External Filesystem Access

Sybase has an extremely rich mechanism for interaction with the native filesystem, exposed via Component Integration Services' Proxy Table support. To enable it, an administrator must execute

 sp_configure "enable cis", 1 sp_configure "enable file access", 1 

The server need not be rebooted; as soon as the configuration is changed the external filesystem mechanism should be available. To read the contents of an external file, you create a proxy table for it, and then "select" from it as you would a normal table:

 create proxy_table foo_txt external file at "c:\temp\foo.txt"  select * from foo_txt 

The table is created by default with a single VARCHAR column of width 255 characters. If you need to handle more characters per line, you can use the "create existing table" syntax:

 create existing table foo_txt (record varchar(1000) null)  external file at "c:\temp\foo.txt" 

You can natively insert, select, and truncate the table, but you cannot update it, though you can edit foo.txt using the update statement and a temporary table. Suppose foo.txt contains the following:

 record ------ hello world line 2 line three 

and you wish to edit the first line to read " goodbye world," you can do so like this:

 create table #foo( record varchar(1000)) insert into #foo select * from foo_txt update #foo set record='goodbye world' where record like 'hello world' select * from #foo truncate table foo_txt insert into foo_txt select * from #foo drop table #foo 

Note that there is a period of time, between the "truncate" and the "insert" that follows it, where foo.txt contains no data. If you are editing a configuration file, this might be a problem for you, so use the technique with care. The effects of editing configuration files as a suitably privileged user are left to the reader's imagination .

It is possible to compromise most hosts given sufficient time and the ability to edit text files with sufficient authority, but it is also possible to use the Sybase file API to create (almost) arbitrary binary files.

A slight difficulty arises because Sybase will insert a single "newline" character (0x0a) at the end of each "line." Fortunately each line can be fairly long, and the line can contain totally arbitrary bytes, so within these restrictions it is possible to upload almost any binary file to a Sybase server, albeit with a few slight modifications.

To create arbitrary binary files you simply create the table backed by an external file with the appropriate name , and define an appropriately sized VARCHAR maximum line length, as follows:

 create table foo_exe (record varchar(1000))  external file at "c:\temp\foo.exe" 

You can then insert VARBINARY literals into the file.
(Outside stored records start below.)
(* Let $X\in\mathbb{R}^{n\times p}$, $\mathbf y\in\mathbb{R}^n$ with $\mathbf y\ne\mathbf 0$, and $\|X^T\mathbf y\|_\infty>\lambda_1>0$. Suppose $\boldsymbol\theta_1^*\ne\frac{\mathbf y}{\|X^T\mathbf y\|_\infty}$, and let $\mathbf a=\frac{\mathbf y}{\lambda_1}-\boldsymbol\theta_1^*$. For $\lambda\in(0,\lambda_1]$ define $$f(\lambda)=\frac{\langle\frac{\mathbf y}{\lambda}-\boldsymbol\theta_1^*,\mathbf a\rangle}{\|\frac{\mathbf y}{\lambda}-\boldsymbol\theta_1^*\|_2},\qquad g(\lambda)=\frac{\langle\frac{\mathbf y}{\lambda}-\boldsymbol\theta_1^*,\mathbf y\rangle}{\|\frac{\mathbf y}{\lambda}-\boldsymbol\theta_1^*\|_2}.$$ Then $f$ is strictly increasing on $(0,\lambda_1]$ and $g$ is strictly decreasing on $(0,\lambda_1]$.
   Context: Let $F=\{\boldsymbol\theta\in\mathbb{R}^n:\|X^T\boldsymbol\theta\|_\infty\le 1\}$. For $\lambda>0$, the Lasso dual optimum $\boldsymbol\theta^*(\lambda)$ is the unique minimizer of $\frac12\|\boldsymbol\theta-\mathbf y/\lambda\|_2^2$ over $\boldsymbol\theta\in F$, i.e. the Euclidean projection of $\mathbf y/\lambda$ onto $F$. Write $\boldsymbol\theta_1^*=\boldsymbol\theta^*(\lambda_1)$. *)

theory Defs
  imports "HOL-Analysis.Analysis"
begin

definition linf_norm :: "real^'k \<Rightarrow> real" where
  "linf_norm v = Max (range (\<lambda>j. \<bar>v $ j\<bar>))"

definition dual_feasible :: "real^'p^'n \<Rightarrow> (real^'n) set" where
  "dual_feasible X = {\<theta>. linf_norm (transpose X *v \<theta>) \<le> 1}"

definition lasso_dual_opt :: "real^'p^'n \<Rightarrow> real^'n \<Rightarrow> real \<Rightarrow> real^'n" where
  "lasso_dual_opt X y lam = closest_point (dual_feasible X) ((1/lam) *\<^sub>R y)"

end

theory Submission
  imports Defs
begin

text \<open>Put \<open>a = y/\<lambda>\<^sub>1 - \<theta>\<^sub>1\<^sup>*\<close> and \<open>s = 1/\<lambda> - 1/\<lambda>\<^sub>1 \<ge> 0\<close>, so that \<open>y/\<lambda> - \<theta>\<^sub>1\<^sup>* = a + s y\<close>.
  The points of \<open>F\<close> on the line \<open>\<real> y\<close> are the \<open>\<mu> y\<close> with \<open>|\<mu>| \<le> 1/\<parallel>X\<^sup>T y\<parallel>\<^sub>\<infinity>\<close>, and among them
  \<open>y/\<parallel>X\<^sup>T y\<parallel>\<^sub>\<infinity>\<close> is the closest to \<open>y/\<lambda>\<^sub>1\<close>; so the projection \<open>\<theta>\<^sub>1\<^sup>*\<close> is not on that line,
  \<open>a\<close> and \<open>y\<close> are linearly independent and Cauchy-Schwarz is strict along the ray \<open>u = a + s y\<close>.
  The derivatives in \<open>s\<close> of \<open>\<langle>u, y\<rangle>/\<parallel>u\<parallel>\<close> and \<open>\<langle>u, a\<rangle>/\<parallel>u\<parallel>\<close> are \<open>G/\<parallel>u\<parallel>\<^sup>3\<close> and \<open>-s G/\<parallel>u\<parallel>\<^sup>3\<close>
  with the Gram determinant \<open>G = \<parallel>u\<parallel>\<^sup>2\<parallel>y\<parallel>\<^sup>2 - \<langle>u, y\<rangle>\<^sup>2 > 0\<close>; as \<open>s\<close> decreases in \<open>\<lambda>\<close>, \<open>g\<close> decreases
  and \<open>f\<close> increases.\<close>

lemma has_real_derivative_affine_div_sqrt_quadratic:
  fixes p q A B C x :: real
  defines "Q \<equiv> A + 2 * x * B + x^2 * C"
  assumes "0 < Q"
  shows "((\<lambda>s. (p + s * q) / sqrt (A + 2 * s * B + s^2 * C)) has_real_derivative
     (q * Q - (p + x * q) * (B + x * C)) / (Q * sqrt Q)) (at x)"
proof -
  have "((\<lambda>s. (p + s * q) / sqrt (A + 2 * s * B + s^2 * C)) has_real_derivative
      (q * sqrt Q - (p + x * q) * ((2 * B + 2 * x * C) / (2 * sqrt Q))) / (sqrt Q * sqrt Q)) (at x)"
    using assms by (auto intro!: derivative_eq_intros simp: power2_eq_square) (simp add: divide_inverse ac_simps)
  moreover have "(q * sqrt Q - (p + x * q) * ((2 * B + 2 * x * C) / (2 * sqrt Q))) / (sqrt Q * sqrt Q)
      = (q * Q - (p + x * q) * (B + x * C)) / (Q * sqrt Q)"
  proof -
    define r where "r = sqrt Q"
    have "0 < r" and "Q = r * r" using assms by (simp_all add: r_def)
    then show ?thesis unfolding r_def[symmetric] by (simp add: field_simps)
  qed
  ultimately show ?thesis by simp
qed

lemma inner_ray_self: "(a + s *\<^sub>R v) \<bullet> (a + s *\<^sub>R v) = a \<bullet> a + 2 * s * (a \<bullet> v) + s^2 * (v \<bullet> v)"
  for a v :: "'a::real_inner"
  by (simp add: inner_add_left inner_add_right inner_commute power2_eq_square algebra_simps)

lemma has_real_derivative_inner_div_norm_ray:
  fixes a v w :: "'a::real_inner" and x :: real
  defines "u \<equiv> a + x *\<^sub>R v"
  assumes "u \<noteq> 0"
  shows "((\<lambda>s. (a + s *\<^sub>R v) \<bullet> w / norm (a + s *\<^sub>R v)) has_real_derivative
     ((v \<bullet> w) * (u \<bullet> u) - (u \<bullet> w) * (u \<bullet> v)) / ((u \<bullet> u) * norm u)) (at x)"
proof -
  have ray: "(\<lambda>s. (a + s *\<^sub>R v) \<bullet> w / norm (a + s *\<^sub>R v))
      = (\<lambda>s. (a \<bullet> w + s * (v \<bullet> w)) / sqrt (a \<bullet> a + 2 * s * (a \<bullet> v) + s^2 * (v \<bullet> v)))"
    by (simp only: norm_eq_sqrt_inner inner_ray_self) (simp add: inner_add_left)
  have uu: "u \<bullet> u = a \<bullet> a + 2 * x * (a \<bullet> v) + x^2 * (v \<bullet> v)"
    unfolding u_def by (rule inner_ray_self)
  have uw: "u \<bullet> w = a \<bullet> w + x * (v \<bullet> w)" and uv: "u \<bullet> v = a \<bullet> v + x * (v \<bullet> v)"
    unfolding u_def by (simp_all add: inner_add_left)
  have "0 < u \<bullet> u" using assms by simp
  then show ?thesis
    unfolding ray unfolding norm_eq_sqrt_inner uu uw uv
    by (rule has_real_derivative_affine_div_sqrt_quadratic)
qed

lemma inner_square_less_of_not_parallel:
  fixes u v :: "'a::real_inner"
  assumes "v \<noteq> 0" and "\<And>t. u + t *\<^sub>R v \<noteq> 0"
  shows "(u \<bullet> v)^2 < (u \<bullet> u) * (v \<bullet> v)"
proof -
  define t where "t = - (u \<bullet> v) / (v \<bullet> v)"
  have "0 < (u + t *\<^sub>R v) \<bullet> (u + t *\<^sub>R v)"
    using assms(2) by simp
  also have "\<dots> = u \<bullet> u + 2 * t * (u \<bullet> v) + t^2 * (v \<bullet> v)"
    by (rule inner_ray_self)
  also have "\<dots> = u \<bullet> u - (u \<bullet> v)^2 / (v \<bullet> v)"
    using assms(1) by (simp add: t_def field_simps power2_eq_square)
  finally show ?thesis
    using assms(1) by (simp add: field_simps)
qed

lemma ray_shift_not_parallel:
  fixes a v :: "'a::real_vector"
  assumes "\<And>s. a + s *\<^sub>R v \<noteq> 0"
  shows "(a + x *\<^sub>R v) + t *\<^sub>R v \<noteq> 0"
  using assms[of "x + t"] by (simp add: scaleR_add_left add.assoc)

lemma strict_mono_inner_div_norm_ray:
  fixes a v :: "'a::real_inner"
  assumes "v \<noteq> 0" and "\<And>s. a + s *\<^sub>R v \<noteq> 0"
  shows "strict_mono (\<lambda>s. (a + s *\<^sub>R v) \<bullet> v / norm (a + s *\<^sub>R v))"
proof -
  have deriv: "\<exists>D. ((\<lambda>s. (a + s *\<^sub>R v) \<bullet> v / norm (a + s *\<^sub>R v)) has_real_derivative D) (at x) \<and> 0 < D"
    for x :: real
  proof -
    define u where "u = a + x *\<^sub>R v"
    have "u \<noteq> 0"
      unfolding u_def by (rule assms(2))
    have "(u \<bullet> v)^2 < (u \<bullet> u) * (v \<bullet> v)"
      unfolding u_def by (rule inner_square_less_of_not_parallel[OF assms(1) ray_shift_not_parallel[OF assms(2)]])
    with \<open>u \<noteq> 0\<close> have "0 < ((v \<bullet> v) * (u \<bullet> u) - (u \<bullet> v) * (u \<bullet> v)) / ((u \<bullet> u) * norm u)"
      by (intro divide_pos_pos) (simp_all add: power2_eq_square mult.commute)
    with has_real_derivative_inner_div_norm_ray[of a x v v, folded u_def, OF \<open>u \<noteq> 0\<close>]
    show ?thesis by blast
  qed
  show ?thesis
    by (rule strict_monoI, rule DERIV_pos_imp_increasing) (use deriv in blast)+
qed

lemma strict_antimono_on_inner_div_norm_ray:
  fixes a v :: "'a::real_inner"
  assumes "v \<noteq> 0" and "\<And>s. a + s *\<^sub>R v \<noteq> 0"
  shows "strict_antimono_on {0..} (\<lambda>s. (a + s *\<^sub>R v) \<bullet> a / norm (a + s *\<^sub>R v))"
proof (rule monotone_onI)
  fix s1 s2 :: real
  assume "s1 \<in> {0..}" "s2 \<in> {0..}" "s1 < s2"
  let ?h = "\<lambda>s. (a + s *\<^sub>R v) \<bullet> a / norm (a + s *\<^sub>R v)"
  have deriv: "(?h has_real_derivative
      - x * ((u \<bullet> u) * (v \<bullet> v) - (u \<bullet> v)^2) / ((u \<bullet> u) * norm u)) (at x)"
    if u_def: "u = a + x *\<^sub>R v" for x u
  proof -
    have "a = u - x *\<^sub>R v"
      using u_def by simp
    then have "(v \<bullet> a) * (u \<bullet> u) - (u \<bullet> a) * (u \<bullet> v) = - x * ((u \<bullet> u) * (v \<bullet> v) - (u \<bullet> v)^2)"
      by (simp only:) (simp add: inner_diff_right inner_commute power2_eq_square algebra_simps)
    with has_real_derivative_inner_div_norm_ray[of a x v a, folded u_def] show ?thesis
      using assms(2) u_def by simp
  qed
  show "?h s2 < ?h s1"
  proof (rule DERIV_neg_imp_decreasing_open[OF \<open>s1 < s2\<close>])
    fix x assume "s1 < x" "x < s2"
    define u where "u = a + x *\<^sub>R v"
    have "u \<noteq> 0"
      unfolding u_def by (rule assms(2))
    have "(u \<bullet> v)^2 < (u \<bullet> u) * (v \<bullet> v)"
      unfolding u_def by (rule inner_square_less_of_not_parallel[OF assms(1) ray_shift_not_parallel[OF assms(2)]])
    moreover have "0 < x"
      using \<open>s1 \<in> {0..}\<close> \<open>s1 < x\<close> by simp
    ultimately have "- x * ((u \<bullet> u) * (v \<bullet> v) - (u \<bullet> v)^2) / ((u \<bullet> u) * norm u) < 0"
      using \<open>u \<noteq> 0\<close> by (intro divide_neg_pos) simp_all
    with deriv[OF u_def] show "\<exists>D. (?h has_real_derivative D) (at x) \<and> D < 0"
      by blast
  next
    show "continuous_on {s1..s2} ?h"
      by (rule DERIV_atLeastAtMost_imp_continuous_on) (use deriv in blast)
  qed
qed

lemma linf_norm_ge: "\<bar>v $ j\<bar> \<le> linf_norm v"
  unfolding linf_norm_def by (rule Max_ge) auto

lemma linf_norm_le_iff: "linf_norm v \<le> c \<longleftrightarrow> (\<forall>j. \<bar>v $ j\<bar> \<le> c)"
  unfolding linf_norm_def by (subst Max_le_iff) auto

lemma linf_norm_attained: obtains j where "linf_norm v = \<bar>v $ j\<bar>"
proof -
  have "linf_norm v \<in> range (\<lambda>j. \<bar>v $ j\<bar>)"
    unfolding linf_norm_def by (rule Max_in) auto
  then show ?thesis using that by blast
qed

lemma linf_norm_scaleR: "linf_norm (c *\<^sub>R v) = \<bar>c\<bar> * linf_norm v"
proof (rule antisym)
  show "linf_norm (c *\<^sub>R v) \<le> \<bar>c\<bar> * linf_norm v"
    unfolding linf_norm_le_iff by (simp add: abs_mult linf_norm_ge mult_left_mono)
  obtain j where "linf_norm v = \<bar>v $ j\<bar>" by (rule linf_norm_attained)
  then show "\<bar>c\<bar> * linf_norm v \<le> linf_norm (c *\<^sub>R v)"
    using linf_norm_ge[of "c *\<^sub>R v" j] by (simp add: abs_mult)
qed

lemma closed_dual_feasible: "closed (dual_feasible X)"
proof -
  have "dual_feasible X = {\<theta>. \<forall>j. \<bar>(transpose X *v \<theta>) $ j\<bar> \<le> 1}"
    unfolding dual_feasible_def linf_norm_le_iff by simp
  also have "closed \<dots>"
    by (intro closed_Collect_all closed_Collect_le continuous_intros)
  finally show ?thesis .
qed

lemma scaleR_mem_dual_feasible_iff:
  "c *\<^sub>R y \<in> dual_feasible X \<longleftrightarrow> \<bar>c\<bar> * linf_norm (transpose X *v y) \<le> 1"
  unfolding dual_feasible_def mem_Collect_eq matrix_vector_mult_scaleR linf_norm_scaleR ..

lemma closest_point_on_line_eq:
  fixes y :: "'a::{real_inner,heine_borel}"
  assumes "closed S" and "y \<noteq> 0" and "t\<^sub>0 *\<^sub>R y \<in> S" and "t\<^sub>0 \<le> t"
    and "\<And>\<mu>. \<mu> *\<^sub>R y \<in> S \<Longrightarrow> \<mu> \<le> t\<^sub>0"
    and "closest_point S (t *\<^sub>R y) = \<mu> *\<^sub>R y"
  shows "\<mu> = t\<^sub>0"
proof -
  have "\<mu> *\<^sub>R y \<in> S"
    using assms(1,3,6) closest_point_in_set by (metis empty_iff)
  then have "\<mu> \<le> t\<^sub>0" by (rule assms(5))
  have "dist (t *\<^sub>R y) (\<mu> *\<^sub>R y) \<le> dist (t *\<^sub>R y) (t\<^sub>0 *\<^sub>R y)"
    using closest_point_le[OF assms(1,3)] assms(6) by metis
  then have "\<bar>t - \<mu>\<bar> \<le> \<bar>t - t\<^sub>0\<bar>"
    using assms(2) by simp
  then show ?thesis
    using \<open>\<mu> \<le> t\<^sub>0\<close> \<open>t\<^sub>0 \<le> t\<close> by linarith
qed

lemma lasso_dual_opt_not_parallel:
  assumes "y \<noteq> 0" and "0 < lam" and "lam < linf_norm (transpose X *v y)"
    and "lasso_dual_opt X y lam \<noteq> (1 / linf_norm (transpose X *v y)) *\<^sub>R y"
  shows "lasso_dual_opt X y lam \<noteq> \<mu> *\<^sub>R y"
proof
  let ?lmax = "linf_norm (transpose X *v y)"
  assume opt: "lasso_dual_opt X y lam = \<mu> *\<^sub>R y"
  have "\<mu> = 1 / ?lmax"
  proof (rule closest_point_on_line_eq[OF closed_dual_feasible \<open>y \<noteq> 0\<close>])
    show "(1 / ?lmax) *\<^sub>R y \<in> dual_feasible X"
      using assms(2,3) by (simp add: scaleR_mem_dual_feasible_iff)
    show "1 / ?lmax \<le> 1 / lam"
      using assms(2,3) by (simp add: frac_le)
    show "\<nu> \<le> 1 / ?lmax" if "\<nu> *\<^sub>R y \<in> dual_feasible X" for \<nu>
    proof -
      have "\<nu> * ?lmax \<le> \<bar>\<nu>\<bar> * ?lmax"
        using assms(2,3) by (intro mult_right_mono) simp_all
      also have "\<dots> \<le> 1"
        using that by (simp add: scaleR_mem_dual_feasible_iff)
      finally show ?thesis
        using assms(2,3) by (simp add: field_simps)
    qed
    show "closest_point (dual_feasible X) ((1 / lam) *\<^sub>R y) = \<mu> *\<^sub>R y"
      using opt by (simp add: lasso_dual_opt_def)
  qed
  with opt assms(4) show False by simp
qed

theorem lemma5:
  fixes X :: "real^'p^'n" and y :: "real^'n" and lam1 :: real
  assumes "y \<noteq> 0"
    and "0 < lam1" and "lam1 < linf_norm (transpose X *v y)"
    and "lasso_dual_opt X y lam1 \<noteq> (1 / linf_norm (transpose X *v y)) *\<^sub>R y"
  defines "f \<equiv> (\<lambda>lam. (((1/lam) *\<^sub>R y - lasso_dual_opt X y lam1) \<bullet> ((1/lam1) *\<^sub>R y - lasso_dual_opt X y lam1))
                    / norm ((1/lam) *\<^sub>R y - lasso_dual_opt X y lam1))"
    and "g \<equiv> (\<lambda>lam. (((1/lam) *\<^sub>R y - lasso_dual_opt X y lam1) \<bullet> y)
                    / norm ((1/lam) *\<^sub>R y - lasso_dual_opt X y lam1))"
  shows "strict_mono_on {0<..lam1} f \<and> strict_antimono_on {0<..lam1} g"
proof -
  define a where "a = (1/lam1) *\<^sub>R y - lasso_dual_opt X y lam1"
  have not_parallel: "a + s *\<^sub>R y \<noteq> 0" for s
  proof
    assume "a + s *\<^sub>R y = 0"
    then have "lasso_dual_opt X y lam1 = (1/lam1 + s) *\<^sub>R y"
      unfolding a_def by (simp add: algebra_simps scaleR_add_left)
    with lasso_dual_opt_not_parallel[OF assms(1-4)] show False by blast
  qed
  have shift: "(1/lam) *\<^sub>R y - lasso_dual_opt X y lam1 = a + (1/lam - 1/lam1) *\<^sub>R y" for lam
    by (simp add: a_def algebra_simps)
  have f_ray: "f lam = (a + (1/lam - 1/lam1) *\<^sub>R y) \<bullet> a / norm (a + (1/lam - 1/lam1) *\<^sub>R y)" for lam
    unfolding f_def a_def[symmetric] unfolding shift ..
  have g_ray: "g lam = (a + (1/lam - 1/lam1) *\<^sub>R y) \<bullet> y / norm (a + (1/lam - 1/lam1) *\<^sub>R y)" for lam
    unfolding g_def shift ..
  have reparam: "0 \<le> 1/l' - 1/lam1" "1/l' - 1/lam1 < 1/l - 1/lam1"
    if "l \<in> {0<..lam1}" "l' \<in> {0<..lam1}" "l < l'" for l l'
    using that by (auto simp: frac_le frac_less2)
  show ?thesis
  proof (intro conjI monotone_onI)
    fix l l' assume "l \<in> {0<..lam1}" "l' \<in> {0<..lam1}" "l < l'"
    note s = reparam[OF this]
    show "f l < f l'"
      unfolding f_ray
      using strict_antimono_on_inner_div_norm_ray[OF assms(1) not_parallel, THEN monotone_onD] s
      by auto
    show "g l' < g l"
      unfolding g_ray
      using strict_mono_inner_div_norm_ray[OF assms(1) not_parallel, THEN strict_monoD] s
      by auto
  qed
qed

end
Again, please note that each literal "line" will be truncated to the specified line length and will then have the single byte 0x0a appended to it:

 insert into foo_exe values(0x00010203040506070809fffefdfcfbfa) 

Using this technique it is possible to upload a custom extended stored procedure DLL or library, load it with sp_addextendedproc or CREATE PROCEDURE, and then execute the code contained in the library by calling the new extended stored procedure. Fortunately, the external filesystem functionality is accessible only to administrators (that is, accounts with either sa or sso roles).